God doesn’t get bored. The author of creation and creating and creativity is endlessly taking delight. Which means God isn’t bored by ’rote’ or repeated prayers. If, every day, we pray “Our Father who art in Heaven” from our hearts, with full approval from our minds before it passes our lips, He is pleased.
He also is pleased when our prayers modeled on the Lord’s Prayer add angles. When they go on tangents. Or they expand far beyond the original 5 or so sentences.
I walk my dog with her leash in one hand, her poo bag in the other, and a tangent prayer on my lips (audible if no one is around to question my sanity). Recently, I found myself asking God to keep my grandchildren from “sins that cling.”
Not sure what brought that phrase to mind, but it set me mulling on the nature of sin and its remarkable likeness to…
plastic wrap.
Some plastic wrap is cheap. Before you convince it to cling to one area, it slides off another. Undesirable in plastic wrap, but if I have my druthers with wrongdoing, sliding sin would be it.

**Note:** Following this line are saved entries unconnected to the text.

(* Let $(f_n)$ be twice differentiable strictly concave functions on $\mathbb R^d$, each with unique maximizer $0$, such that $-\nabla^2f_n(x)\succeq\tfrac12I_d$ for all $x$ and $n$. Let $\gamma\in\mathbb R^d$ and $\beta_n\in\mathbb R^d$ with $\gamma^{T}\beta_n\to\infty$. Then for every $\delta>0$ there is a constant $C>0$ depending only on $\delta$ (and $d$) such that for all sufficiently large $n$, $\int_{\mathbb R^d}\gamma^{T}(x+\beta_n)\exp(f_n(x))dx>0$ and $\frac{\big|\int_{\|x\|\ge C}\gamma^{T}(x+\beta_n)\exp(f_n(x))dx\big|}{\int_{\mathbb R^d}\gamma^{T}(x+\beta_n)\exp(f_n(x))dx}\le\delta.$ *)

theory Defs
  imports "HOL-Analysis.Analysis"
begin

definition strictly_concave_on :: "'a::real_vector set \<Rightarrow> ('a \<Rightarrow> real) \<Rightarrow> bool" where
  "strictly_concave_on S f \<longleftrightarrow>
     (\<forall>x\<in>S. \<forall>y\<in>S. \<forall>t::real. x \<noteq> y \<and> 0 < t \<and> t < 1 \<longrightarrow>
        (1 - t) * f x + t * f y < f ((1 - t) *\<^sub>R x + t *\<^sub>R y))"

end

theory Submission
  imports Defs "HOL-Real_Asymp.Real_Asymp"
begin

Sin that slides is the foolish kind. The careless word you immediately regret. The irritation that spills out when stress builds, and you kick the nearest piece of furniture. The choices you make when young that are foolish and soon discarded. The words you utter when old based on faulty perception, nostalgia, and anxiety about a world we can’t keep up with. Temporary vices can leave a bit of damage but seldom take root. Sin that slides is a result of a fallen world and its inhabitants who see through a glass darkly. But praise God, sliding sin doesn’t often stick. It’s flimsy and temporary and reminds us that humans are not particularly indestructible.

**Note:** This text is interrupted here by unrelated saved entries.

lemma subst_t_one_const:
  fixes A :: "'a::comm_semiring_1 fps fps"
  shows "subst_t_one (fps_const A) = A"
proof (rule bcoeff_ext)
  fix i j
  have "bcoeff (fps_const A $ n) i j = (if n = 0 then bcoeff A i j else 0)" for n
    by simp
  then show "bcoeff (subst_t_one (fps_const A)) i j = bcoeff A i j"
    by (simp add: bcoeff_subst_t_one)
qed

lemma subst_t_one_power:
  fixes X :: "'a::comm_semiring_1 fps fps fps"
  assumes "t_bounded X" shows "subst_t_one (X ^ n) = subst_t_one X ^ n"
proof (induction n)
  case 0 show ?case using subst_t_one_const[of 1] by simp
next
  case (Suc n) then show ?case by (simp add: subst_t_one_mult t_bounded_power assms)
qed

lemma subst_t_one_add:
  fixes X Y :: "'a::comm_semiring_1 fps fps fps"
  shows "subst_t_one (X + Y) = subst_t_one X + subst_t_one Y"
  by (rule bcoeff_ext) (simp add: bcoeff_subst_t_one sum.distrib)

lemma subst_t_one_sum:
  fixes f :: "'b \<Rightarrow> 'a::comm_semiring_1 fps fps fps"
  shows "subst_t_one (sum f S) = (\<Sum>x\<in>S. subst_t_one (f x))"
  by (induction S rule: infinite_finite_induct)
     (auto simp: subst_t_one_add subst_t_one_const[of 0, simplified])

Sin that twists is the worst. Like a piece of plastic that gets mixed in our dough, baked in, inextricable. Sin that twists is a deep, distorting, mangling sin—so deep in some people that they either don’t recognize it, or they embrace it. Psychopaths, serial killers, those who delight in inflicting cruelty. We don’t want to dwell on twisting sin. Even thinking about it soils. Sin that twists, thanks to God’s common grace, seems to be the least common.

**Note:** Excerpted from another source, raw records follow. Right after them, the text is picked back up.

theorem lemma5p1:
  fixes n :: nat and W :: mat
  assumes n1: "1 \<le> n"
    and pos: "\<And>i j. 1 \<le> i \<Longrightarrow> i \<le> n \<Longrightarrow> 1 \<le> j \<Longrightarrow> j \<le> n \<Longrightarrow> W i j > 0"
    and sym: "\<And>i j. 1 \<le> i \<Longrightarrow> i \<le> n \<Longrightarrow> 1 \<le> j \<Longrightarrow> j \<le> n \<Longrightarrow> W i j = W j i"
  shows
    "(2 \<le> n \<longrightarrow>
      (let A = (\<lambda>i j. if i < n then gRSK (n-1) (n-1) W i j else W j n);
           S = (\<lambda>i j. Rmap n (n-1) n A j i);
           M = (\<lambda>i j. if i < n then S i j else W j n);
           t = gRSK n n W
       in (\<forall>i\<in>{1..n}. \<forall>j\<in>{1..n}. t i j = Rmap n n n M i j)
        \<and> (\<forall>i j. 1 \<le> i \<and> i < j \<and> j \<le> n \<longrightarrow> t i j = S i j)
        \<and> t 1 1 = S 1 2 / (2 * S 1 1)
        \<and> (\<forall>i. 2 \<le> i \<and> i \<le> n-1 \<longrightarrow> t i i = S i (i+1) * S (i-1) i / S i i)
        \<and> t n n = 2 * S (n-1) n * W n n))
     \<and> (let t = gRSK n n W in
          4 ^ (n div 2) * (\<Prod>i=1..n. W i i)
            = (\<Prod>j<(n+1) div 2. t (n - 2*j) (n - 2*j))
              / (\<Prod>j<n div 2. t (n - 1 - 2*j) (n - 1 - 2*j))
        \<and> (\<Prod>j<(n+1) div 2. t (n - 2*j) (n - 2*j))
              / (\<Prod>j<n div 2. t (n - 1 - 2*j) (n - 1 - 2*j))
            = (\<Prod>i\<in>{i\<in>{1..n}. odd i}. zshape n W i)
              / (\<Prod>i\<in>{i\<in>{1..n}. even i}. zshape n W i))"
  apply (intro conjI impI)
  subgoal
    using gRSK_symmetric_recursion[of n W, OF _ sym] gRSK_symmetric_diagonal[of n W, OF _ pos sym]
    unfolding Let_def eq_on_box_def inserted_minor_def bordered_minor_def by blast
  subgoal
    using gRSK_symmetric_alt_quot[of n W, OF n1 pos sym] alt_quot_eq_prod_quot[of "\<lambda>i. gRSK n n W i i" n]
    unfolding Let_def prod_odd_zshape prod_even_zshape by simp
  done

end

My walk-the-dog-and-talk-to-God request focused on protection from the clinging sins. The worldviews, the heart attitudes, the habits of the mind that seem to cover us, wrinkle us a bit, distort our perspective. Sins that cling—like habitual discontent, self-awareness so excessive, it leads to either pride or crippling lack of confidence. Sin that tends to find fault with others, excuse ourselves, sin that enjoys a ‘good’ gossip, sin that is bored with the ordinary and craves endless excitement, sin that takes such pride in being ‘blunt and outspoken’ that it misses seeing how hurtful words can be. Sin that hugs material wealth a little too closely. Judgement calls made without full understanding. And which of us fully understands? Sin that cringes or sin that bullies, sin that challenges authority continually or sin too lazy to ever question. Sin that is always impatient, sin that is ignorantly tolerant…. I’m sure I missed a few dozen.
One day all categories of sin will cease to exist, because all of them violate God’s holiness and He promises to make all things right. It will be dealt with on a permanent basis. For now, it continues to twist, slide, and cling, and for now, we pray that God will deliver us, and those we love.